■ Work order: Give every line of the records exactly, please, from the first up to and including the one containing "(auto simp: g)".

■ Supplied records:
::::::::
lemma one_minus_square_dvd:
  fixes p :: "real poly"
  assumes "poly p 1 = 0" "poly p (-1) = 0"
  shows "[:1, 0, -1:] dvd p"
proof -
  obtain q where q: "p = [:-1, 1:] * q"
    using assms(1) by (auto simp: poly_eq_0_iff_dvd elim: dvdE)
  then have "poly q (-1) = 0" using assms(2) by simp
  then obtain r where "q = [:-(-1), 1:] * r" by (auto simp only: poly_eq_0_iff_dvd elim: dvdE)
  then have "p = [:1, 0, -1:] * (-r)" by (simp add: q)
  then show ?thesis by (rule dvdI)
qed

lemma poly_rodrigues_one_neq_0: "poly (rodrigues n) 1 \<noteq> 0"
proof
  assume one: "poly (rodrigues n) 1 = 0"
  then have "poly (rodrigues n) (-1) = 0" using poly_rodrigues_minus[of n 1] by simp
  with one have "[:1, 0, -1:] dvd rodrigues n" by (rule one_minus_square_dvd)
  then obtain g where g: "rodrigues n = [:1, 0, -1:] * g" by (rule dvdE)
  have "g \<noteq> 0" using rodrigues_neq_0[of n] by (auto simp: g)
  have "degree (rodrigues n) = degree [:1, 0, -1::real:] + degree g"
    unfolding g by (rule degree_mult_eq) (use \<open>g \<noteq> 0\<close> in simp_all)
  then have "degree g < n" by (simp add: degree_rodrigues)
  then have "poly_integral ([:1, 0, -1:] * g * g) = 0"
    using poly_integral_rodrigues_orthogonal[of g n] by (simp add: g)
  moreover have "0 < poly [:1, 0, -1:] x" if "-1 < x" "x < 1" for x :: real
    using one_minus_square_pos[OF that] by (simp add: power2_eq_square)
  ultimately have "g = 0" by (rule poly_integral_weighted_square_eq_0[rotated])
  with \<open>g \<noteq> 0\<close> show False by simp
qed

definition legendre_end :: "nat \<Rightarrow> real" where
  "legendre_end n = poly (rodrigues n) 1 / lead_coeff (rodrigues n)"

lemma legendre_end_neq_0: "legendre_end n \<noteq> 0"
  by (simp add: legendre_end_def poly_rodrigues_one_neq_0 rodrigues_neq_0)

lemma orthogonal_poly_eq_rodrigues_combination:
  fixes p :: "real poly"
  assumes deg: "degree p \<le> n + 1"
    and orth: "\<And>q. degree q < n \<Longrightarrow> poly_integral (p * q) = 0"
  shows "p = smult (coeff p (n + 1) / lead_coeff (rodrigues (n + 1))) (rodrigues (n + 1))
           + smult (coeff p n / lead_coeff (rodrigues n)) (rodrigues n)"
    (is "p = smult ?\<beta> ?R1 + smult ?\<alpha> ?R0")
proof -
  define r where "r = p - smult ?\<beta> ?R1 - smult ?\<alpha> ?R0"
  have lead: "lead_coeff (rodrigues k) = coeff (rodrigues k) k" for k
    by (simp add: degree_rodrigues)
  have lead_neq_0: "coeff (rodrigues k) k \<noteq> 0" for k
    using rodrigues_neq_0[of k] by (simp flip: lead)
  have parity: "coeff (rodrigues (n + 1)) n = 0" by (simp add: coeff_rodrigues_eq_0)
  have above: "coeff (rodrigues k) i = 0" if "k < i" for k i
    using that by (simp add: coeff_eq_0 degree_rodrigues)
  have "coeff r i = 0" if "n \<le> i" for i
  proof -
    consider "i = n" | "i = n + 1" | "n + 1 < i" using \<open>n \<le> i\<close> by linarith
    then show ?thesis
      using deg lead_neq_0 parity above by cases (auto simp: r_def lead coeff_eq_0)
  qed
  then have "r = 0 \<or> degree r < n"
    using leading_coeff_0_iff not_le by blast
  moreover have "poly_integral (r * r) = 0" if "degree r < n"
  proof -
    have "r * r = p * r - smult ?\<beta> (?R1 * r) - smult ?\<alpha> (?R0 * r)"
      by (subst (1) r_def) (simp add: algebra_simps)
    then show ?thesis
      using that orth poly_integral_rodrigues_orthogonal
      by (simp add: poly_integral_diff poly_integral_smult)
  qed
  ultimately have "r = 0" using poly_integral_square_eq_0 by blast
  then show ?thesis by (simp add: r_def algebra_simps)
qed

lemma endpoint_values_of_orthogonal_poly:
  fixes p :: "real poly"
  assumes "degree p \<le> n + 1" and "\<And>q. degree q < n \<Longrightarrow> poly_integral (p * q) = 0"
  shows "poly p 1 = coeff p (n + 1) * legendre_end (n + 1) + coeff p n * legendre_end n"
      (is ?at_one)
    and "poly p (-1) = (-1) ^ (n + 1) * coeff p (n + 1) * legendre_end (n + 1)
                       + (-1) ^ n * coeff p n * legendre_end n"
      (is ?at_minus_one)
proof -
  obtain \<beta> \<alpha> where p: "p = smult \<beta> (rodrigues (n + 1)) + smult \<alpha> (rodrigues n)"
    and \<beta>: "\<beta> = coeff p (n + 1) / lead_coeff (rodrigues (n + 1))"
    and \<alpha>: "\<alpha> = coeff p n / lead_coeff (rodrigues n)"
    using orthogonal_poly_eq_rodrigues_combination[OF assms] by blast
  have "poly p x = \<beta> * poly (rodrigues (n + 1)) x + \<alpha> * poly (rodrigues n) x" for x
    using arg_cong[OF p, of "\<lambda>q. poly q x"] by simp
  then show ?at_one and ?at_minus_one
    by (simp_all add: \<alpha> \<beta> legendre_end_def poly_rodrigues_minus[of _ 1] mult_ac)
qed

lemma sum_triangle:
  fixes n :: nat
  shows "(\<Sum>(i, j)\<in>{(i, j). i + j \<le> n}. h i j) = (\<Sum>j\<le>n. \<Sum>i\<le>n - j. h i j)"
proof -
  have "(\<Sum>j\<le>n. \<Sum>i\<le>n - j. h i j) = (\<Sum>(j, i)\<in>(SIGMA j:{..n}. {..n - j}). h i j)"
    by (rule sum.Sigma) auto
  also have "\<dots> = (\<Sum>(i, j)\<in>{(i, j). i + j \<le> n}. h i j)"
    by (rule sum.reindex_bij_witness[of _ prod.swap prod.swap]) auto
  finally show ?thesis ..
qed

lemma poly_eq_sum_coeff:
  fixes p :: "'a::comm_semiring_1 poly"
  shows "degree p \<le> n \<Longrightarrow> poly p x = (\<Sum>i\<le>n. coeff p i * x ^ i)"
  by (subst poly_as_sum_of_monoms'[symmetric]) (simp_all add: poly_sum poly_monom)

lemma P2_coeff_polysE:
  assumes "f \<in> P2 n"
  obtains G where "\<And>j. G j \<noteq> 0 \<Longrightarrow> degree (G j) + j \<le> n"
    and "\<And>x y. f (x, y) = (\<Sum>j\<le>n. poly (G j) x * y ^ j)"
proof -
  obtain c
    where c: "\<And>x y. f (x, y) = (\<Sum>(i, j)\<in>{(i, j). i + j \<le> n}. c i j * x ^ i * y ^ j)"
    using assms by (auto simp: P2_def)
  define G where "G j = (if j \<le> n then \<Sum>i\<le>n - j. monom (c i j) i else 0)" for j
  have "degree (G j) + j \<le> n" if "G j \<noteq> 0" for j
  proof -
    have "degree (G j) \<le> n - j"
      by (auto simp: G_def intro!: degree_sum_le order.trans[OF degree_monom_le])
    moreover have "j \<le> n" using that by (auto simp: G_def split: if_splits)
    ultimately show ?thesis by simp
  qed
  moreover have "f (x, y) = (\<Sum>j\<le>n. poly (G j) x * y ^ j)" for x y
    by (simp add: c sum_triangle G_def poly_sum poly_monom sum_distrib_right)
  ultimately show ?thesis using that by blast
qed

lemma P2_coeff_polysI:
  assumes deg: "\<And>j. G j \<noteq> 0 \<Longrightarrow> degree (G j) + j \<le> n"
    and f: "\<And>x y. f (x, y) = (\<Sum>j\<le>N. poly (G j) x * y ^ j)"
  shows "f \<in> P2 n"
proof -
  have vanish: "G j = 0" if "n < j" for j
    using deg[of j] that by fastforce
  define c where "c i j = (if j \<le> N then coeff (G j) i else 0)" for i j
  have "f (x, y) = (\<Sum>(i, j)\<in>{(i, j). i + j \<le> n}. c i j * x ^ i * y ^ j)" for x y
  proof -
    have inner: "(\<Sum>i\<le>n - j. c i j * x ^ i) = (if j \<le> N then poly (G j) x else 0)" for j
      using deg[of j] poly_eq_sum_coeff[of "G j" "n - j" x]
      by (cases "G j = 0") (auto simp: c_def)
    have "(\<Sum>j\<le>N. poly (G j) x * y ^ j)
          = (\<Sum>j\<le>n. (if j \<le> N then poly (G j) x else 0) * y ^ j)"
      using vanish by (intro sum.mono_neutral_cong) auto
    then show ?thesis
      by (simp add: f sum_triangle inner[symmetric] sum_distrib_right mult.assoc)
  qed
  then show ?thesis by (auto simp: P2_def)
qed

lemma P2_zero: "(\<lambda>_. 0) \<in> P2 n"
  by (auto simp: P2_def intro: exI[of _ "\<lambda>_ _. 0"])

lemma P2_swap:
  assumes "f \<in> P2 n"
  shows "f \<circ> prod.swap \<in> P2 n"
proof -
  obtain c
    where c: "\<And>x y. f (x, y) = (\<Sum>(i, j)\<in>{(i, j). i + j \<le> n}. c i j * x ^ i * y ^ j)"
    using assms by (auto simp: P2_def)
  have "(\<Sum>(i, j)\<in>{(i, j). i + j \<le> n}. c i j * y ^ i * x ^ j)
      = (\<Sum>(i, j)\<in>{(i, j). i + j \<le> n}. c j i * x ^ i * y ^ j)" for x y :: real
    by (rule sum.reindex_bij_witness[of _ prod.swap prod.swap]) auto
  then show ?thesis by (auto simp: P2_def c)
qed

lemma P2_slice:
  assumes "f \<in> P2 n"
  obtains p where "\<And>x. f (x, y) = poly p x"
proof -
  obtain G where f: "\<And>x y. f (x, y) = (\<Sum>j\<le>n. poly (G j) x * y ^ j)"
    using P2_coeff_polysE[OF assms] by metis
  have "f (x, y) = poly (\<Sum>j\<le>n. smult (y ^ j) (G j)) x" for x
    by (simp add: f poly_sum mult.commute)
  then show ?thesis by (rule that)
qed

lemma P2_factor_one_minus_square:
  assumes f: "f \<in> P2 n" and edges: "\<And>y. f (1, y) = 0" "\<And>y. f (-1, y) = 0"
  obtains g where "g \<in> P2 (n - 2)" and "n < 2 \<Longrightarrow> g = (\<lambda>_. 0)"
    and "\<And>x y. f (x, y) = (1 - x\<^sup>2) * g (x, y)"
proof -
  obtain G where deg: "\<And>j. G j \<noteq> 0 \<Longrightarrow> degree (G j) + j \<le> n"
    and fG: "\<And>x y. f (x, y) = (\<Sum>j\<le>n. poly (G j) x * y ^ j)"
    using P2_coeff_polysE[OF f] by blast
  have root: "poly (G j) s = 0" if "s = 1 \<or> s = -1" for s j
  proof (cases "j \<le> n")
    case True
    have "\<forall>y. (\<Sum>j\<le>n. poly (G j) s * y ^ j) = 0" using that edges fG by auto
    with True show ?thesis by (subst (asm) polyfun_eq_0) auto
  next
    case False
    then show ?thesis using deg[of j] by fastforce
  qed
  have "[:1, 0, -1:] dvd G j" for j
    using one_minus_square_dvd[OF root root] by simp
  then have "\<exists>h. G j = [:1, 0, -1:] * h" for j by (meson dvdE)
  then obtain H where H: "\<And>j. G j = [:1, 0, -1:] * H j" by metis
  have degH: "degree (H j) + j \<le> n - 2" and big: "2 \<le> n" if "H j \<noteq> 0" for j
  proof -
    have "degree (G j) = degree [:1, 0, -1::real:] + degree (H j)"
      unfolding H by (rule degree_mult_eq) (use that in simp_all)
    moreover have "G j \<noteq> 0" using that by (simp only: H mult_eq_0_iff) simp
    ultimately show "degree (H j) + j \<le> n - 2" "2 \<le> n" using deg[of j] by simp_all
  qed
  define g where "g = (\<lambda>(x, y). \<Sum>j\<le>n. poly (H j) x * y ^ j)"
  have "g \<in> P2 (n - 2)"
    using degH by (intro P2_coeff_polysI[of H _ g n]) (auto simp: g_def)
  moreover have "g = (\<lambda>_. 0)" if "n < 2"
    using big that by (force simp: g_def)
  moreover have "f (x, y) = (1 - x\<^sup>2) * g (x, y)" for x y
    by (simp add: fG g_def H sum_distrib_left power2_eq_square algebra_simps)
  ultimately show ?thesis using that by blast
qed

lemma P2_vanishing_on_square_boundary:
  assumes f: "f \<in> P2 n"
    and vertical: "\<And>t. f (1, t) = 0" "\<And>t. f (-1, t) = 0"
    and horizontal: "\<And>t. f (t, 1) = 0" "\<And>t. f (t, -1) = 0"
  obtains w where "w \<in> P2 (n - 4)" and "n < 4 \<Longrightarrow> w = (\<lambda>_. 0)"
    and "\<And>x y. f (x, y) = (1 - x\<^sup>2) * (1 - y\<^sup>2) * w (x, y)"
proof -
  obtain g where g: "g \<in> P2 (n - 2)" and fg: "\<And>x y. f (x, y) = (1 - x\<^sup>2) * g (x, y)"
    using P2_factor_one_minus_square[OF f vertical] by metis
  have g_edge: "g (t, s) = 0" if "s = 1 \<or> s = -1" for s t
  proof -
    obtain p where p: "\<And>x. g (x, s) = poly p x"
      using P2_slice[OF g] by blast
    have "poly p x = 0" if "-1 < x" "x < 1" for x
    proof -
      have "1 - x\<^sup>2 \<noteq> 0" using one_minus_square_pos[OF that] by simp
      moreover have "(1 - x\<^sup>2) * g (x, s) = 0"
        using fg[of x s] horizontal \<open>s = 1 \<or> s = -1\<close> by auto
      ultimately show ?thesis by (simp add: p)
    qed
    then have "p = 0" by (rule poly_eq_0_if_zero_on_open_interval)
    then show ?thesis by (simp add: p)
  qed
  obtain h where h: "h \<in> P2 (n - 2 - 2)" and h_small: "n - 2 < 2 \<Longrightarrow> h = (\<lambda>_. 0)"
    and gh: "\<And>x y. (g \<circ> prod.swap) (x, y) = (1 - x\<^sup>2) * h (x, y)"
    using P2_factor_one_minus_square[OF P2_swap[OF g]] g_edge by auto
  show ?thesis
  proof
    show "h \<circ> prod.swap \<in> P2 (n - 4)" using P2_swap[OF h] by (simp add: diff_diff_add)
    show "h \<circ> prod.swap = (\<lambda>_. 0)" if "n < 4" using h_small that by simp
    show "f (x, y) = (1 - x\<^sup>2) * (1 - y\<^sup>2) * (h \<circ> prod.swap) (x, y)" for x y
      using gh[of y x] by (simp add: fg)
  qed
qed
::::::::
■ Answer to the problem:
lemma one_minus_square_dvd:
  fixes p :: "real poly"
  assumes "poly p 1 = 0" "poly p (-1) = 0"
  shows "[:1, 0, -1:] dvd p"
proof -
  obtain q where q: "p = [:-1, 1:] * q"
    using assms(1) by (auto simp: poly_eq_0_iff_dvd elim: dvdE)
  then have "poly q (-1) = 0" using assms(2) by simp
  then obtain r where "q = [:-(-1), 1:] * r" by (auto simp only: poly_eq_0_iff_dvd elim: dvdE)
  then have "p = [:1, 0, -1:] * (-r)" by (simp add: q)
  then show ?thesis by (rule dvdI)
qed

lemma poly_rodrigues_one_neq_0: "poly (rodrigues n) 1 \<noteq> 0"
proof
  assume one: "poly (rodrigues n) 1 = 0"
  then have "poly (rodrigues n) (-1) = 0" using poly_rodrigues_minus[of n 1] by simp
  with one have "[:1, 0, -1:] dvd rodrigues n" by (rule one_minus_square_dvd)
  then obtain g where g: "rodrigues n = [:1, 0, -1:] * g" by (rule dvdE)
  have "g \<noteq> 0" using rodrigues_neq_0[of n] by (auto simp: g)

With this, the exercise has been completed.